> [How to complete this task]: From the entries, copy out every line in which the word "lemma" is found.

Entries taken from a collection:
● ● ●
(* Let $q\ge2$, let $n_i\to\infty$, let $(R_i)$ be reals with $R_i\to\infty$, and let $(l_i)$ be positive integers such that $l_i\le\beta n_i$ for all $i$, for some constant $\beta>0$. For each $i$ let $\mathcal C_i$ be an $l_i$-shot ID code for $\Pi^q_{n_i}$ with $M_i\ge 2^{R_i n_i^{l_i(q-1)}}$ messages and type-I and type-II error probabilities $\lambda_{1,i},\lambda_{2,i}$. Then $\liminf_{i\to\infty}(\lambda_{1,i}+\lambda_{2,i})\ge1$.
   Context: Fix an integer $q\ge 2$ and let $\mathcal A_q=\{1,\dots,q\}$. For $n\ge1$ and $\sigma\in S_n$ (the symmetric group on $\{1,\dots,n\}$), $\sigma\mathbf x=(x_{\sigma^{-1}(1)},\dots,x_{\sigma^{-1}(n)})$ for $\mathbf x\in\mathcal A_q^n$. The $n$-block $q$-ary uniform permutation channel $\Pi^q_n$ has input/output alphabet $\mathcal A_q^n$ and $\Pi^q_n(\mathbf y\mid\mathbf x)=\frac1{n!}\sum_{\sigma\in S_n}\mathbf 1\{\mathbf y=\sigma\mathbf x\}$. Using it $l$ times (independently on each block) gives the channel $W^{(l)}$ on $(\mathcal A_q^n)^l$ with $W^{(l)}(\mathbf y^{(1)},\dots,\mathbf y^{(l)}\mid \mathbf x^{(1)},\dots,\mathbf x^{(l)})=\prod_{s=1}^l\Pi^q_n(\mathbf y^{(s)}\mid\mathbf x^{(s)})$. An $l$-shot ID code with $M$ messages for $\Pi^q_n$ (an "$(n,l,M,\lambda_1,\lambda_2)$ ID code") is a family $\{(Q_i,\mathcal D_i)\}_{i=1}^M$ with $Q_i$ a probability distribution on $(\mathcal A_q^n)^l$ and $\mathcal D_i\subseteq(\mathcal A_q^n)^l$; its error probabilities are $\lambda_{i\to j}=\sum_{\underline{\mathbf x}}Q_i(\underline{\mathbf x})\sum_{\underline{\mathbf y}\in\mathcal D_j}W^{(l)}(\underline{\mathbf y}\mid\underline{\mathbf x})$ ($i\neq j$), $\lambda_{i\not\to i}=\sum_{\underline{\mathbf x}}Q_i(\underline{\mathbf x})\sum_{\underline{\mathbf y}\notin\mathcal D_i}W^{(l)}(\underline{\mathbf y}\mid\underline{\mathbf x})$, type-I error probability $\lambda_1=\max_i\lambda_{i\not\to i}$, type-II error probability $\lambda_2=\max_{i\ne j}\lambda_{i\to j}$. *)

theory Defs
  imports "HOL-Probability.Probability" "HOL-Combinatorics.Permutations"
begin
(* Let $f:\mathbb{R}^n\times\mathbb{R}^m\to\mathbb{R}$ be twice continuously differentiable, $\mu$-strongly convex in $x$ and $\mu$-strongly concave in $y$ ($\mu>0$), with $\|\nabla F(z)\|\le L$ for all $z$ and $\nabla F$ being $L_2$-Lipschitz, where $F(z)=(\nabla_x f(x,y);-\nabla_y f(x,y))$, $z=(x;y)$. Let $m(z)=\frac12\|F(z)\|^2$. Fix a point $z^k=(x^k;y^k)$, let $g^k=\nabla f(z^k)$, $H^k=\nabla^2 f(z^k)$, and for $\gamma>0$ define $$f_k(x,y;\gamma)=f(z^k)+\langle g^k,z-z^k\rangle+\tfrac12(z-z^k)^\top H^k(z-z^k)+\tfrac{\gamma}{3}\|x-x^k\|^3-\tfrac{\gamma}{3}\|y-y^k\|^3.$$ Let $(\tilde x,\tilde y)$ be the saddle point of $\min_x\max_y f_k(x,y;\gamma)$ and set $u^k=\tilde x-x^k$, $v^k=\tilde y-y^k$, $d^k=(u^k;v^k)$. Then, if $\gamma=\gamma^k>0$ is chosen small enough, $\gamma^k(\|u^k\|+\|v^k\|)<\mu$, and consequently $d^k$ is a descent direction for $m$ at $z^k$: $$\langle\nabla m(z^k),d^k\rangle\le-\frac{\mu^2}{2}\|d^k\|^2.$$
   Context: $\|\cdot\|$ is the Euclidean norm for vectors and the largest singular value for matrices. The saddle point $(\tilde x,\tilde y)$ is characterized by the first-order conditions $g_x^k+H_{xx}^ku^k+\gamma\|u^k\|u^k+H_{xy}^kv^k=0$ and $g_y^k+H_{yy}^kv^k-\gamma\|v^k\|v^k+(H_{xy}^k)^\top u^k=0$, where $g^k=(g^k_x;g^k_y)$ and $H^k$ has blocks $H^k_{xx},H^k_{xy},H^k_{yy}$. *)

theory Defs
  imports "HOL-Analysis.Analysis"
begin

definition strongly_convex :: "real \<Rightarrow> ('a::real_normed_vector \<Rightarrow> real) \<Rightarrow> bool" where
  "strongly_convex \<mu> g \<longleftrightarrow>
     (\<forall>x1 x2 t. 0 \<le> t \<and> t \<le> 1 \<longrightarrow>
        g ((1 - t) *\<^sub>R x1 + t *\<^sub>R x2)
          \<le> (1 - t) * g x1 + t * g x2 - \<mu> / 2 * t * (1 - t) * (norm (x1 - x2))\<^sup>2)"
lemma sum_bminus_outputs:
  "(\<Sum>y\<in>fst (bminus C1 C2). f y) = (\<Sum>a\<in>fst C1. \<Sum>b\<in>fst C2. f (Two a b))"
proof -
  have "inj_on (\<lambda>(a, b). Two a b) (fst C1 \<times> fst C2)"
    by (auto simp: inj_on_def)
  then show ?thesis
    by (simp add: bminus_def sum.reindex sum.cartesian_product split_def)
qed

lemma snd_bplus_Three:
  "snd (bplus C1 C2) (Three a b u) = (\<lambda>x. 1/2 * snd C1 a (u \<noteq> x) * snd C2 b x)"
  by (simp add: bplus_def)

lemma snd_bminus_Two:
  "snd (bminus C1 C2) (Two a b) = (\<lambda>x. \<Sum>x'\<in>UNIV. 1/2 * snd C1 a (x \<noteq> x') * snd C2 b x')"
  by (simp add: bminus_def)

lemma bdmc_output_mass:
  assumes "bdmc C"
  shows "(\<Sum>y\<in>fst C. (snd C y False + snd C y True) / 2) = 1"
  using assms by (simp add: bdmc_def sum.distrib flip: sum_divide_distrib)

lemma bdmc_bplus:
  assumes C1: "bdmc C1" and C2: "bdmc C2"
  shows "bdmc (bplus C1 C2)"
proof -
  have "(\<Sum>y\<in>fst (bplus C1 C2). snd (bplus C1 C2) y x) = 1" for x
  proof -
    have "(\<Sum>y\<in>fst (bplus C1 C2). snd (bplus C1 C2) y x)
        = (\<Sum>a\<in>fst C1. \<Sum>u\<in>UNIV. 1/2 * snd C1 a (u \<noteq> x) * (\<Sum>b\<in>fst C2. snd C2 b x))"
      by (simp add: sum_bplus_outputs snd_bplus_Three sum_distrib_left sum.swap[of _ "fst C2"] mult.assoc)
    also have "\<dots> = (\<Sum>a\<in>fst C1. (snd C1 a False + snd C1 a True) / 2)"
      using C2 by (cases x) (simp_all add: bdmc_def UNIV_bool add_divide_distrib add.commute)
    finally show ?thesis using bdmc_output_mass[OF C1] by simp
  qed
  then show ?thesis
    using C1 C2 by (auto simp: bdmc_def bplus_def)
qed

lemma bdmc_bminus:
  assumes C1: "bdmc C1" and C2: "bdmc C2"
  shows "bdmc (bminus C1 C2)"
proof -
  have "(\<Sum>y\<in>fst (bminus C1 C2). snd (bminus C1 C2) y x) = 1" for x
  proof -
    have "(\<Sum>y\<in>fst (bminus C1 C2). snd (bminus C1 C2) y x)
        = (\<Sum>a\<in>fst C1. \<Sum>x'\<in>UNIV. 1/2 * snd C1 a (x \<noteq> x') * (\<Sum>b\<in>fst C2. snd C2 b x'))"
      by (simp add: sum_bminus_outputs snd_bminus_Two sum_distrib_left sum.swap[of _ "fst C2"] mult.assoc)
    also have "\<dots> = (\<Sum>a\<in>fst C1. (snd C1 a False + snd C1 a True) / 2)"
      using C2 by (cases x) (simp_all add: bdmc_def UNIV_bool add_divide_distrib add.commute)
    finally show ?thesis using bdmc_output_mass[OF C1] by simp
  qed
  moreover have "snd (bminus C1 C2) y x \<ge> 0" if "y \<in> fst (bminus C1 C2)" for y x
    using that C1 C2 by (auto simp: bdmc_def bminus_def intro!: sum_nonneg)
  ultimately show ?thesis
    using C1 C2 by (auto simp: bdmc_def bminus_def)
qed

lemma mutinf_bplus_add_bminus:
  assumes C1: "bdmc C1" and C2: "bdmc C2"
  shows "mutinf (bplus C1 C2) + mutinf (bminus C1 C2) = mutinf C1 + mutinf C2"
proof -
  let ?v = "snd C1" and ?w = "snd C2"
  have polarization: "(\<Sum>u\<in>UNIV. letter_info (snd (bplus C1 C2) (Three a b u)))
        + letter_info (snd (bminus C1 C2) (Two a b))
      = (?w b False + ?w b True) / 2 * letter_info (?v a) + (?v a False + ?v a True) / 2 * letter_info (?w b)"
    if "a \<in> fst C1" "b \<in> fst C2" for a b
    unfolding snd_bplus_Three snd_bminus_Two
    using that C1 C2 by (intro letter_info_polarization) (auto simp: bdmc_def)
  have "mutinf (bplus C1 C2) + mutinf (bminus C1 C2)
      = (\<Sum>a\<in>fst C1. \<Sum>b\<in>fst C2. (?w b False + ?w b True) / 2 * letter_info (?v a)
                                   + (?v a False + ?v a True) / 2 * letter_info (?w b))"
    unfolding mutinf_eq_sum_letter_info sum_bplus_outputs sum_bminus_outputs sum.distrib[symmetric]
    by (intro sum.cong refl) (simp add: polarization)
  also have "\<dots> = (\<Sum>b\<in>fst C2. (?w b False + ?w b True) / 2) * mutinf C1
                  + (\<Sum>a\<in>fst C1. (?v a False + ?v a True) / 2) * mutinf C2"
    by (simp add: mutinf_eq_sum_letter_info sum.distrib sum_distrib_left sum_distrib_right
        sum.swap[of _ "fst C2"])
  also have "\<dots> = mutinf C1 + mutinf C2"
    using C1 C2 by (simp add: bdmc_output_mass)
  finally show ?thesis .
qed
lemma nakagami_product_prob_ge:
  fixes X Y :: "'a \<Rightarrow> real"
  assumes ind: "indep_var borel X borel Y"
    and DX: "distributed M lborel X (\<lambda>x. ennreal (nakagami_pdf mx x))"
    and DY: "distributed M lborel Y (\<lambda>x. ennreal (nakagami_pdf my x))"
    and "0 < mx" "0 < my" "0 \<le> w" "w \<le> 1"
  shows "mx powr mx / Gamma mx / mx * exp (- mx) * (my powr my / Gamma my / my * exp (- my)) * w powr (2*mx)
    \<le> prob {\<omega> \<in> space M. X \<omega> * Y \<omega> \<le> w}"
proof -
  have [measurable]: "random_variable borel X" "random_variable borel Y"
    using indep_var_rv1[OF ind] indep_var_rv2[OF ind] by auto
  have "mx powr mx / Gamma mx / mx * exp (- mx) * w powr (2*mx) * (my powr my / Gamma my / my * exp (- my) * 1 powr (2*my))
      \<le> prob {\<omega> \<in> space M. X \<omega> \<in> {0..w}} * prob {\<omega> \<in> space M. Y \<omega> \<in> {0..1}}"
    using assms
    by (intro mult_mono nakagami_prob_atLeastAtMost_ge[OF DX] nakagami_prob_atLeastAtMost_ge[OF DY])
       (auto simp: Gamma_real_pos)
  also have "\<dots> = prob {\<omega> \<in> space M. X \<omega> \<in> {0..w} \<and> Y \<omega> \<in> {0..1}}"
    using indep_varD[OF ind, of "{0..w}" "{0..1}"] by (simp add: vimage_def Int_def conj_ac)
  also have "\<dots> \<le> prob {\<omega> \<in> space M. X \<omega> * Y \<omega> \<le> w}"
    using mult_mono[of _ w _ 1] by (intro finite_measure_mono) auto
  finally show ?thesis
    by (simp add: mult_ac)
qed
● ● ●
> [Reply to the exercise]:
lemma sum_bminus_outputs:
lemma snd_bplus_Three:
lemma snd_bminus_Two:
lemma bdmc_output_mass:
lemma bdmc_bplus:
lemma bdmc_bminus:
lemma mutinf_bplus_add_bminus:
lemma nakagami_product_prob_ge:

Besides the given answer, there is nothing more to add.